To do: Repeat every line of the data verbatim.

Material to process:
theorem mainTheorem6:
  fixes K :: "'x::{real_inner, banach, second_countable_topology} \<Rightarrow> 'y::{real_inner, banach, second_countable_topology}"
    and \<sigma> :: "nat \<Rightarrow> real" and e :: "nat \<Rightarrow> 'x" and u :: "nat \<Rightarrow> 'y"
    and M :: "'a measure" and Y :: "nat \<Rightarrow> 'a \<Rightarrow> 'y" and yhat :: 'y
    and p q C Cp \<epsilon>1 \<epsilon>2 :: real
  assumes K_compact: "compact_linear_op K"
    and K_dense: "closure (range K) = UNIV"
    and e_orth: "\<And>i j. i \<ge> 1 \<Longrightarrow> j \<ge> 1 \<Longrightarrow> e i \<bullet> e j = (if i = j then 1 else 0)"
    and u_orth: "\<And>i j. i \<ge> 1 \<Longrightarrow> j \<ge> 1 \<Longrightarrow> u i \<bullet> u j = (if i = j then 1 else 0)"
    and \<sigma>_pos: "\<And>j. j \<ge> 1 \<Longrightarrow> \<sigma> j > 0"
    and \<sigma>_mono: "\<And>i j. 1 \<le> i \<Longrightarrow> i \<le> j \<Longrightarrow> \<sigma> j \<le> \<sigma> i"
    and \<sigma>_lim: "\<sigma> \<longlonglongrightarrow> 0"
    and svd: "\<And>x. ((\<lambda>j. (\<sigma> j * (x \<bullet> e j)) *\<^sub>R u j) has_sum K x) {1..}"
    and M: "prob_space M"
    and Y_meas: "\<And>i. i \<ge> 1 \<Longrightarrow> Y i \<in> borel_measurable M"
    and Y_indep: "prob_space.indep_vars M (\<lambda>_. borel) Y {1..}"
    and Y_ident: "\<And>i. i \<ge> 1 \<Longrightarrow> distr M borel (Y i) = distr M borel (Y 1)"
    and Y_int: "integrable M (Y 1)"
    and Y_mean: "integral\<^sup>L M (Y 1) = yhat"
    and pq: "q > p - 1" "p - 1 > 0"
    and \<sigma>_rate: "\<exists>c1 c2. c1 > 0 \<and> c2 > 0 \<and>
                   (\<forall>j\<ge>1. c1 * real j powr (-q) \<le> (\<sigma> j)\<^sup>2 \<and> (\<sigma> j)\<^sup>2 \<le> c2 * real j powr (-q))"
    and v_pos: "\<And>j. j \<ge> 1 \<Longrightarrow> 0 < integral\<^sup>L M (\<lambda>\<omega>. ((Y 1 \<omega> - yhat) \<bullet> u j)\<^sup>2)"
    and v_bound: "\<And>j. j \<ge> 1 \<Longrightarrow>
                   integral\<^sup>L M (\<lambda>\<omega>. ((Y 1 \<omega> - yhat) \<bullet> u j)\<^sup>2) \<le> Cp * real j powr (-p)"
    and m4_int: "\<And>j. j \<ge> 1 \<Longrightarrow> integrable M (\<lambda>\<omega>. ((Y 1 \<omega> - yhat) \<bullet> u j) ^ 4)"
    and m4_bound: "\<And>j. j \<ge> 1 \<Longrightarrow>
                   integral\<^sup>L M (\<lambda>\<omega>. ((Y 1 \<omega> - yhat) \<bullet> u j) ^ 4)
                     \<le> C * (integral\<^sup>L M (\<lambda>\<omega>. ((Y 1 \<omega> - yhat) \<bullet> u j)\<^sup>2))\<^sup>2"
    and \<epsilon>1: "0 < \<epsilon>1" "\<epsilon>1 < 1"
    and \<epsilon>2: "0 < \<epsilon>2" "\<epsilon>2 < min 1 (p - 1)"
  shows
    "(let v = (\<lambda>j. integral\<^sup>L M (\<lambda>\<omega>. ((Y 1 \<omega> - yhat) \<bullet> u j)\<^sup>2));
          V = integral\<^sup>L M (\<lambda>\<omega>. (norm (Y 1 \<omega> - yhat))\<^sup>2);
          d = weight \<sigma> \<epsilon>2 V v;
          \<gamma> = sqrt (\<Sum>j. d (Suc j) ^ 2 * v (Suc j))
      in (\<forall>\<eta>>0. \<forall>n\<ge>2.
            measure M {\<omega> \<in> space M. \<forall>j\<in>{1..mcut \<epsilon>1 n}.
                 \<bar>sample_var Y u n j \<omega> - v j\<bar> \<le> \<eta> * v j}
              \<ge> 1 - 4 * C / \<eta>\<^sup>2 * real n powr (-\<epsilon>1))
       \<and> (\<forall>\<eta>>0. (\<lambda>n. 1 - 4 * C / \<eta>\<^sup>2 * real n powr (-\<epsilon>1)) \<longlonglongrightarrow> 1)
       \<and> ((\<lambda>n. measure M {\<omega> \<in> space M. \<forall>j\<in>{1..mcut \<epsilon>1 n}.
                 d j / 2 \<le> rand_weight \<sigma> \<epsilon>1 \<epsilon>2 Y u n j \<omega>
                 \<and> rand_weight \<sigma> \<epsilon>1 \<epsilon>2 Y u n j \<omega> \<le> 2 * d j}) \<longlonglongrightarrow> 1)
       \<and> ((\<lambda>n. measure M {\<omega> \<in> space M.
                 \<bar>sqrt (real n) * delta' \<sigma> \<epsilon>1 \<epsilon>2 Y u n \<omega> - \<gamma>\<bar> \<le> \<gamma> / 2}) \<longlonglongrightarrow> 1))"
proof -
  interpret weighted_sampling M Y yhat u \<sigma> C Cp p \<epsilon>1 \<epsilon>2
  proof (intro weighted_sampling.intro weighted_sampling_axioms.intro)
    show "p > 1" using pq(2) by simp
  qed (fact M u_orth span_approx_of_dense_range[OF K_dense svd] \<sigma>_pos Y_meas Y_indep Y_ident Y_int Y_mean
      v_pos v_bound m4_int m4_bound \<epsilon>1 \<epsilon>2(1))+
  have "(\<lambda>n. prob {\<omega> \<in> space M. \<forall>j\<in>{1..mcut \<epsilon>1 n}.
      weight \<sigma> \<epsilon>2 total_var coord_var j / 2 \<le> rand_weight \<sigma> \<epsilon>1 \<epsilon>2 Y u n j \<omega>
      \<and> rand_weight \<sigma> \<epsilon>1 \<epsilon>2 Y u n j \<omega> \<le> 2 * weight \<sigma> \<epsilon>2 total_var coord_var j}) \<longlonglongrightarrow> 1"
    by (rule prob_tendsto_one) (use good_event_rand_weight_close in \<open>auto simp: good_event_def\<close>)
  moreover have "(\<lambda>n. prob {\<omega> \<in> space M.
      \<bar>sqrt (real n) * delta' \<sigma> \<epsilon>1 \<epsilon>2 Y u n \<omega> - sqrt weighted_total\<bar> \<le> sqrt weighted_total / 2}) \<longlonglongrightarrow> 1"
    by (rule prob_tendsto_one) (use good_event_delta'_close in \<open>auto simp: good_event_def\<close>)
  ultimately show ?thesis
    using prob_good_event tendsto_deviation_bound
    unfolding Let_def coord_var_def[symmetric] total_var_def[symmetric] sqrt_sum_weight_sq good_event_def
    by blast
qed

end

Response to this task:
theorem mainTheorem6:
  fixes K :: "'x::{real_inner, banach, second_countable_topology} \<Rightarrow> 'y::{real_inner, banach, second_countable_topology}"
    and \<sigma> :: "nat \<Rightarrow> real" and e :: "nat \<Rightarrow> 'x" and u :: "nat \<Rightarrow> 'y"
    and M :: "'a measure" and Y :: "nat \<Rightarrow> 'a \<Rightarrow> 'y" and yhat :: 'y
    and p q C Cp \<epsilon>1 \<epsilon>2 :: real
  assumes K_compact: "compact_linear_op K"
    and K_dense: "closure (range K) = UNIV"
    and e_orth: "\<And>i j. i \<ge> 1 \<Longrightarrow> j \<ge> 1 \<Longrightarrow> e i \<bullet> e j = (if i = j then 1 else 0)"
    and u_orth: "\<And>i j. i \<ge> 1 \<Longrightarrow> j \<ge> 1 \<Longrightarrow> u i \<bullet> u j = (if i = j then 1 else 0)"
    and \<sigma>_pos: "\<And>j. j \<ge> 1 \<Longrightarrow> \<sigma> j > 0"
    and \<sigma>_mono: "\<And>i j. 1 \<le> i \<Longrightarrow> i \<le> j \<Longrightarrow> \<sigma> j \<le> \<sigma> i"
    and \<sigma>_lim: "\<sigma> \<longlonglongrightarrow> 0"
    and svd: "\<And>x. ((\<lambda>j. (\<sigma> j * (x \<bullet> e j)) *\<^sub>R u j) has_sum K x) {1..}"
    and M: "prob_space M"
    and Y_meas: "\<And>i. i \<ge> 1 \<Longrightarrow> Y i \<in> borel_measurable M"
    and Y_indep: "prob_space.indep_vars M (\<lambda>_. borel) Y {1..}"
    and Y_ident: "\<And>i. i \<ge> 1 \<Longrightarrow> distr M borel (Y i) = distr M borel (Y 1)"
    and Y_int: "integrable M (Y 1)"
    and Y_mean: "integral\<^sup>L M (Y 1) = yhat"
    and pq: "q > p - 1" "p - 1 > 0"
    and \<sigma>_rate: "\<exists>c1 c2. c1 > 0 \<and> c2 > 0 \<and>
                   (\<forall>j\<ge>1. c1 * real j powr (-q) \<le> (\<sigma> j)\<^sup>2 \<and> (\<sigma> j)\<^sup>2 \<le> c2 * real j powr (-q))"
    and v_pos: "\<And>j. j \<ge> 1 \<Longrightarrow> 0 < integral\<^sup>L M (\<lambda>\<omega>. ((Y 1 \<omega> - yhat) \<bullet> u j)\<^sup>2)"
    and v_bound: "\<And>j. j \<ge> 1 \<Longrightarrow>
                   integral\<^sup>L M (\<lambda>\<omega>. ((Y 1 \<omega> - yhat) \<bullet> u j)\<^sup>2) \<le> Cp * real j powr (-p)"
    and m4_int: "\<And>j. j \<ge> 1 \<Longrightarrow> integrable M (\<lambda>\<omega>. ((Y 1 \<omega> - yhat) \<bullet> u j) ^ 4)"
    and m4_bound: "\<And>j. j \<ge> 1 \<Longrightarrow>
                   integral\<^sup>L M (\<lambda>\<omega>. ((Y 1 \<omega> - yhat) \<bullet> u j) ^ 4)
                     \<le> C * (integral\<^sup>L M (\<lambda>\<omega>. ((Y 1 \<omega> - yhat) \<bullet> u j)\<^sup>2))\<^sup>2"
    and \<epsilon>1: "0 < \<epsilon>1" "\<epsilon>1 < 1"
    and \<epsilon>2: "0 < \<epsilon>2" "\<epsilon>2 < min 1 (p - 1)"
  shows
    "(let v = (\<lambda>j. integral\<^sup>L M (\<lambda>\<omega>. ((Y 1 \<omega> - yhat) \<bullet> u j)\<^sup>2));
          V = integral\<^sup>L M (\<lambda>\<omega>. (norm (Y 1 \<omega> - yhat))\<^sup>2);
          d = weight \<sigma> \<epsilon>2 V v;
          \<gamma> = sqrt (\<Sum>j. d (Suc j) ^ 2 * v (Suc j))
      in (\<forall>\<eta>>0. \<forall>n\<ge>2.
            measure M {\<omega> \<in> space M. \<forall>j\<in>{1..mcut \<epsilon>1 n}.
                 \<bar>sample_var Y u n j \<omega> - v j\<bar> \<le> \<eta> * v j}
              \<ge> 1 - 4 * C / \<eta>\<^sup>2 * real n powr (-\<epsilon>1))
       \<and> (\<forall>\<eta>>0. (\<lambda>n. 1 - 4 * C / \<eta>\<^sup>2 * real n powr (-\<epsilon>1)) \<longlonglongrightarrow> 1)
       \<and> ((\<lambda>n. measure M {\<omega> \<in> space M. \<forall>j\<in>{1..mcut \<epsilon>1 n}.
                 d j / 2 \<le> rand_weight \<sigma> \<epsilon>1 \<epsilon>2 Y u n j \<omega>
                 \<and> rand_weight \<sigma> \<epsilon>1 \<epsilon>2 Y u n j \<omega> \<le> 2 * d j}) \<longlonglongrightarrow> 1)
       \<and> ((\<lambda>n. measure M {\<omega> \<in> space M.
                 \<bar>sqrt (real n) * delta' \<sigma> \<epsilon>1 \<epsilon>2 Y u n \<omega> - \<gamma>\<bar> \<le> \<gamma> / 2}) \<longlonglongrightarrow> 1))"
proof -
  interpret weighted_sampling M Y yhat u \<sigma> C Cp p \<epsilon>1 \<epsilon>2
  proof (intro weighted_sampling.intro weighted_sampling_axioms.intro)
    show "p > 1" using pq(2) by simp
  qed (fact M u_orth span_approx_of_dense_range[OF K_dense svd] \<sigma>_pos Y_meas Y_indep Y_ident Y_int Y_mean
      v_pos v_bound m4_int m4_bound \<epsilon>1 \<epsilon>2(1))+
  have "(\<lambda>n. prob {\<omega> \<in> space M. \<forall>j\<in>{1..mcut \<epsilon>1 n}.
      weight \<sigma> \<epsilon>2 total_var coord_var j / 2 \<le> rand_weight \<sigma> \<epsilon>1 \<epsilon>2 Y u n j \<omega>
      \<and> rand_weight \<sigma> \<epsilon>1 \<epsilon>2 Y u n j \<omega> \<le> 2 * weight \<sigma> \<epsilon>2 total_var coord_var j}) \<longlonglongrightarrow> 1"
    by (rule prob_tendsto_one) (use good_event_rand_weight_close in \<open>auto simp: good_event_def\<close>)
  moreover have "(\<lambda>n. prob {\<omega> \<in> space M.
      \<bar>sqrt (real n) * delta' \<sigma> \<epsilon>1 \<epsilon>2 Y u n \<omega> - sqrt weighted_total\<bar> \<le> sqrt weighted_total / 2}) \<longlonglongrightarrow> 1"
    by (rule prob_tendsto_one) (use good_event_delta'_close in \<open>auto simp: good_event_def\<close>)
  ultimately show ?thesis
    using prob_good_event tendsto_deviation_bound
    unfolding Let_def coord_var_def[symmetric] total_var_def[symmetric] sqrt_sum_weight_sq good_event_def
    by blast
qed

end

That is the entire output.